Пока зеленоглазая брюнетка непонимающе хлопала пушистыми ресничками, Федор, Евдокия и Домна спешно воздвигли в разумах дополнительные барьеры, отгораживаясь от эмоций собравшихся за стеной москвичей. Безобидных по-одиночке, и терпимых в небольшой толпе — но когда многотысячное собрание людей думает и чувствует в унисон... Это уже скорее не толпа, а могучий зверь, способный лишь на простые чувства. Простые, но при том невероятно сильные и яркие, легко способные свести с ума отдельные слабые частицы могучей общности! А уж если кто-то с самого детства оттачивал свою чувствительность к малейшим движениям человеческой души, и достиг в этом деле немалых успехов...

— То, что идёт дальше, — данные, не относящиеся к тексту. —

text \<open>Within one round of kernel halving, with \<open>c = 1/2 + log (2 m' / \<delta>)\<close>, call a run good if
  no swap probability is clipped, i.e. \<open>\<bar>\<alpha>_i\<bar> \<le> a_i\<close> at every step. Then the increment
  \<open>\<eta>_i f_i\<close> has conditional mean \<open>-(\<alpha>_i / a_i) f_i\<close>, and Hoeffding's two-point bound, applied
  backwards from the last step, shows that on the good event the final \<open>\<psi>\<close> is sub-Gaussian with
  variance proxy \<open>B^2 c^2 / (2c - 1)\<close>, where \<open>B\<close> bounds all distances between feature vectors.
  The same backward induction, applied to the Chernoff majorant \<open>exp (\<plusminus>t \<alpha>_i - t a_i)\<close> of
  each clipping event, bounds the probability of a bad run by \<open>m' exp (-(c - 1/2)) = \<delta> / 2\<close>.
  Over the rounds of repeated halving the variance proxies and the failure probabilities add up;
  the proxies form a series dominated by the square of the stated \<open>\<nu>\<close>, and \<open>B\<close> is at most
  twice either of the two maxima in the statement.\<close>

section \<open>One step of kernel halving\<close>

lemma two_point_mgf_le:
  fixes u \<mu> :: real
  assumes "\<bar>\<mu>\<bar> \<le> 1"
  shows "(1 + \<mu>) / 2 * exp u + (1 - \<mu>) / 2 * exp (- u) \<le> exp (\<mu> * u + u\<^sup>2 / 2)"
proof -
  have nonneg: "(1 + \<mu>) / 2 * exp u + (1 - \<mu>) / 2 * exp (- u) \<le> exp (\<mu> * u + u\<^sup>2 / 2)"
    if "\<bar>\<mu>\<bar> \<le> 1" "0 \<le> u" for u \<mu> :: real
  proof -
    define q where "q = (1 + \<mu>) / 2"
    have q: "0 \<le> q" using that by (simp add: q_def)
    have pos: "0 < 1 + q * (exp (2 * u) - 1)"
      using that q by (simp add: add_pos_nonneg)
    have "ln (1 + q * (exp (2 * u) - 1)) \<le> 2 * u * q + u\<^sup>2 / 2"
      using Hoeffdings_lemma_aux[of "2 * u" q] q that by (simp add: power2_eq_square)
    then have "1 + q * (exp (2 * u) - 1) \<le> exp (2 * u * q + u\<^sup>2 / 2)"
      using pos by (metis exp_le_cancel_iff exp_ln)
    then have "exp (- u) * (1 + q * (exp (2 * u) - 1)) \<le> exp (- u) * exp (2 * u * q + u\<^sup>2 / 2)"
      by simp
    moreover have "exp (- u) * (1 + q * (exp (2 * u) - 1))
        = exp (- u) + q * (exp (- u) * exp (2 * u)) - q * exp (- u)"
      by (simp add: algebra_simps)
    then have "exp (- u) * (1 + q * (exp (2 * u) - 1)) = (1 + \<mu>) / 2 * exp u + (1 - \<mu>) / 2 * exp (- u)"
      by (simp add: q_def field_simps flip: exp_add)
    moreover have "exp (- u) * exp (2 * u * q + u\<^sup>2 / 2) = exp (\<mu> * u + u\<^sup>2 / 2)"
      by (simp add: q_def algebra_simps flip: exp_add)
    ultimately show ?thesis by simp
  qed
  show ?thesis
  proof (cases "0 \<le> u")
    case True
    then show ?thesis using nonneg assms by blast
  next
    case False
    then show ?thesis using nonneg[of "- \<mu>" "- u"] assms by (simp add: algebra_simps)
  qed
qed

lemma kh_step_mgf_le:
  fixes \<psi> f G :: "'h::real_inner"
  assumes "\<bar>inner \<psi> f\<bar> \<le> a" and "0 \<le> a" and "a = 0 \<Longrightarrow> f = 0"
  defines "p \<equiv> min 1 (1/2 * max 0 (1 - inner \<psi> f / a))"
  shows "p * exp (inner G (\<psi> + f) + Q) + (1 - p) * exp (inner G (\<psi> - f) + Q)
    \<le> exp (inner (G - (inner G f / a) *\<^sub>R f) \<psi> + (Q + (inner G f)\<^sup>2 / 2))"
proof (cases "a = 0")
  case True
  then show ?thesis using assms by (simp add: p_def field_simps)
next
  case False
  with assms have "0 < a" by simp
  \<comment> \<open>Unclipped, the swap probability is \<open>(1 + \<mu>) / 2\<close>: the increment \<open>\<plusminus>f\<close> has mean \<open>\<mu> f\<close>.\<close>
  define \<mu> where "\<mu> = - inner \<psi> f / a"
  define u where "u = inner G f"
  have "- 1 \<le> inner \<psi> f / a" "inner \<psi> f / a \<le> 1"
    using assms(1) \<open>0 < a\<close> by (simp_all add: abs_le_iff le_divide_eq divide_le_eq)
  then have \<mu>: "\<bar>\<mu>\<bar> \<le> 1" and p: "p = (1 + \<mu>) / 2"
    by (auto simp: p_def \<mu>_def)
  have "exp (inner G (\<psi> + f) + Q) = exp (inner G \<psi> + Q) * exp u"
    "exp (inner G (\<psi> - f) + Q) = exp (inner G \<psi> + Q) * exp (- u)"
    by (simp_all add: u_def inner_add_right inner_diff_right algebra_simps flip: exp_add)
  then have "p * exp (inner G (\<psi> + f) + Q) + (1 - p) * exp (inner G (\<psi> - f) + Q)
      = exp (inner G \<psi> + Q) * ((1 + \<mu>) / 2 * exp u + (1 - \<mu>) / 2 * exp (- u))"
    by (simp add: p field_simps)
  also have "\<dots> \<le> exp (inner G \<psi> + Q) * exp (\<mu> * u + u\<^sup>2 / 2)"
    by (intro mult_left_mono two_point_mgf_le \<mu>) simp
  also have "\<dots> = exp (inner (G - (inner G f / a) *\<^sub>R f) \<psi> + (Q + (inner G f)\<^sup>2 / 2))"
    by (simp add: \<mu>_def u_def inner_diff_left inner_commute[of f \<psi>] algebra_simps flip: exp_add)
  finally show ?thesis .
qed
(* Let $\mathcal G$ be a finite group whose action on $\mathrm{Her}_{\tilde{\mathcal V}}$ satisfies $g\cdot I_{\tilde{\mathcal V}}=I_{\tilde{\mathcal V}}$ for all $g\in\mathcal G$. Assume $\mathcal S=\mathcal S_G$ and that Problem (P) is $\mathcal G$-symmetric. Assume further that for each $t\in\{1,\dots,T\}$ there is a subgroup $\mathcal H^{(t)}\subseteq\mathcal G$ and an irreducible projective (unitary or anti-unitary) representation $\mathcal H^{(t)}\ni h\mapsto U'_{h,t}$ on $\mathcal V_t$ such that for all $h\in\mathcal H^{(t)}$ and $X\in\mathrm{Her}_{\tilde{\mathcal V}}$, $$\mathrm{Tr}_{\mathcal W_T\otimes\mathcal V_T\otimes\cdots\otimes\mathcal V_{t+1}\otimes\mathcal W_t}(h\cdot X)=(\mathrm{Ad}_{U'_{h,t}}\otimes\mathrm{id}_{\mathcal W_{t-1}\otimes\mathcal V_{t-1}\otimes\cdots\otimes\mathcal W_1\otimes\mathcal V_1})\big(\mathrm{Tr}_{\mathcal W_T\otimes\mathcal V_T\otimes\cdots\otimes\mathcal V_{t+1}\otimes\mathcal W_t}X\big).$$ Then the optimal value of Problem (P) equals the optimal value obtained when $\mathcal S$ is replaced by $\mathcal S_\Psi:=\{I_{\tilde{\mathcal V}}/\prod_{t=1}^TN_{\mathcal V_t}\}$, i.e. $\sup_{\Phi\in\mathsf P}P(\Phi)=\sup\{P(\Phi):\Phi\in\mathcal C,\ \sum_m\Phi_m=I_{\tilde{\mathcal V}}/\prod_{t}N_{\mathcal V_t},\ \eta_j(\Phi)\le0\ \forall j\}$.
   Context: Standing setup. All Hilbert spaces are finite-dimensional complex. Fix an integer $T\ge1$ and systems $\mathcal V_1,\dots,\mathcal V_T,\mathcal W_1,\dots,\mathcal W_T$; set $\mathcal W_0:=\mathbb C$ and $\tilde{\mathcal V}:=\mathcal W_T\otimes\mathcal V_T\otimes\cdots\otimes\mathcal W_1\otimes\mathcal V_1$. $N_{\mathcal X}$ is the dimension of $\mathcal X$; $\mathrm{Her}_{\mathcal X}$ is the real Hilbert space of Hermitian operators on $\mathcal X$ with inner product $\langle X,Y\rangle=\mathrm{Tr}(XY)$, $\mathrm{Pos}_{\mathcal X}$ the positive semidefinite operators, $I_{\mathcal X}$ the identity, $\mathrm{Tr}_{\mathcal X}$ partial trace; $\overline A$ is closure. $\mathcal I_n:=\{0,\dots,n-1\}$. $\mathcal S_G$ is the set of operators $I_{\mathcal W_T}\otimes\tau_T$ where $\tau_t\in\mathrm{Pos}_{\mathcal V_t\otimes\mathcal W_{t-1}\otimes\mathcal V_{t-1}\otimes\cdots\otimes\mathcal W_1\otimes\mathcal V_1}$ ($t=1,\dots,T$) satisfy $\mathrm{Tr}\,\tau_1=1$ and $\mathrm{Tr}_{\mathcal V_t}\tau_t=I_{\mathcal W_{t-1}}\otimes\tau_{t-1}$ for $2\le t\le T$. Fix $M\ge2$; $\mathcal C_G:=\mathrm{Pos}_{\tilde{\mathcal V}}^M$; $\mathcal T_G:=\{\Phi=\{\Phi_m\}_{m=0}^{M-1}\in\mathcal C_G:\sum_m\Phi_m\in\mathcal S_G\}$. Data: $J\ge0$, $c_m,a_{j,m}\in\mathrm{Her}_{\tilde{\mathcal V}}$, $b_j\in\mathbb R$; $\eta_j(\Phi):=\sum_m\langle\Phi_m,a_{j,m}\rangle-b_j$, $P(\Phi):=\sum_m\langle\Phi_m,c_m\rangle$. $\mathcal T$ is a nonempty convex subset of $\mathcal T_G$, $\mathsf P:=\{\Phi\in\mathcal T:\eta_j(\Phi)\le0\ \forall j\}$ (assumed to satisfy $\overline{\mathsf P}=\{\Phi\in\overline{\mathcal T}:\eta_j(\Phi)\le0\ \forall j\}$); $\mathcal C\subseteq\mathcal C_G$ a closed convex cone and $\mathcal S\subseteq\mathcal S_G$ a closed convex set with $\overline{\mathcal T}=\{\Phi\in\mathcal C:\sum_m\Phi_m\in\mathcal S\}$. Problem (P): maximize $P(\Phi)$ over $\Phi\in\mathsf P$ (value $\sup$, $-\infty$ if empty). Symmetry: for a finite group $\mathcal G$, Problem (P) is $\mathcal G$-symmetric if (a) there are group actions $x\mapsto g\cdot x$ (with $(gh)\cdot x=g\cdot(h\cdot x)$, $e\cdot x=x$) of $\mathcal G$ on $\mathcal I_M$, on $\mathcal I_J$ and on $\mathrm{Her}_{\tilde{\mathcal V}}$; (b) each map $x\mapsto g\cdot x$ on $\mathrm{Her}_{\tilde{\mathcal V}}$ is linear with $\langle g\cdot x,g\cdot y\rangle=\langle x,y\rangle$; (c) for all $g,j,m$: $\Phi^{(g)}\in\mathcal T$ for $\Phi\in\mathcal T$, $\Phi^{(g)}\in\mathcal C$ for $\Phi\in\mathcal C$, $g\cdot\varphi\in\mathcal S$ for $\varphi\in\mathcal S$, $g\cdot a_{j,m}=a_{g\cdot j,g\cdot m}$, $b_j=b_{g\cdot j}$, $g\cdot c_m=c_{g\cdot m}$, where $\Phi^{(g)}:=\{g^{-1}\cdot\Phi_{g\cdot m}\}_m$. Representations: for $U$ a unitary or anti-unitary operator on $\mathcal X$, $\mathrm{Ad}_U(X):=UXU^\dagger$. A map $h\mapsto U_h$ from a group to unitary or anti-unitary operators on $\mathcal X$ is a projective (unitary or anti-unitary) representation if $\mathrm{Ad}_{U_e}=\mathrm{id}$ and $\mathrm{Ad}_{U_h}\circ\mathrm{Ad}_{U_{h'}}=\mathrm{Ad}_{U_{hh'}}$ for all $h,h'$; it is irreducible if the only subspaces of $\mathcal X$ invariant under all $U_h$ are $\{0\}$ and $\mathcal X$. *)

theory Defs
  imports "Jordan_Normal_Form.Schur_Decomposition" "HOL-Algebra.Group" "HOL-Library.Extended_Real"
begin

— Ежели кто почувствует, что вот-вот сомлеет, тут же говорите. Понятно?
Оглядев младших (в число коих попала и Дивеева), царевич Иоанн уселся на свое место и приготовился бдить — в кои-то веки радуясь о том, что в эмпатии он всего лишь крепкий середнячок, и сможет присмотреть за родными и близкими. Вскоре на стену поднялся батюшка, оставивший своих ближников в небольшом отдалении: прислонив посох к кирпичному зубцу, он уселся и смежил веки, зашептав молитву-обращение к Богородице. Но вот в последний раз прозвенели колокола — и людское море постепенно затихло, заметив, как из раскрывшихся ворот Николькой башни вышла одинокая фигура с посохом. Пока она шагала к помосту, бдящий Иоанн Иоанович услышал жалобный скрип дерева и тут же встрепенулся, окинув все креслица быстрым взором. И тут же отвернул лицо: это отец так сильно сжал подлокотник, что тот потихоньку отрывался от своего основания...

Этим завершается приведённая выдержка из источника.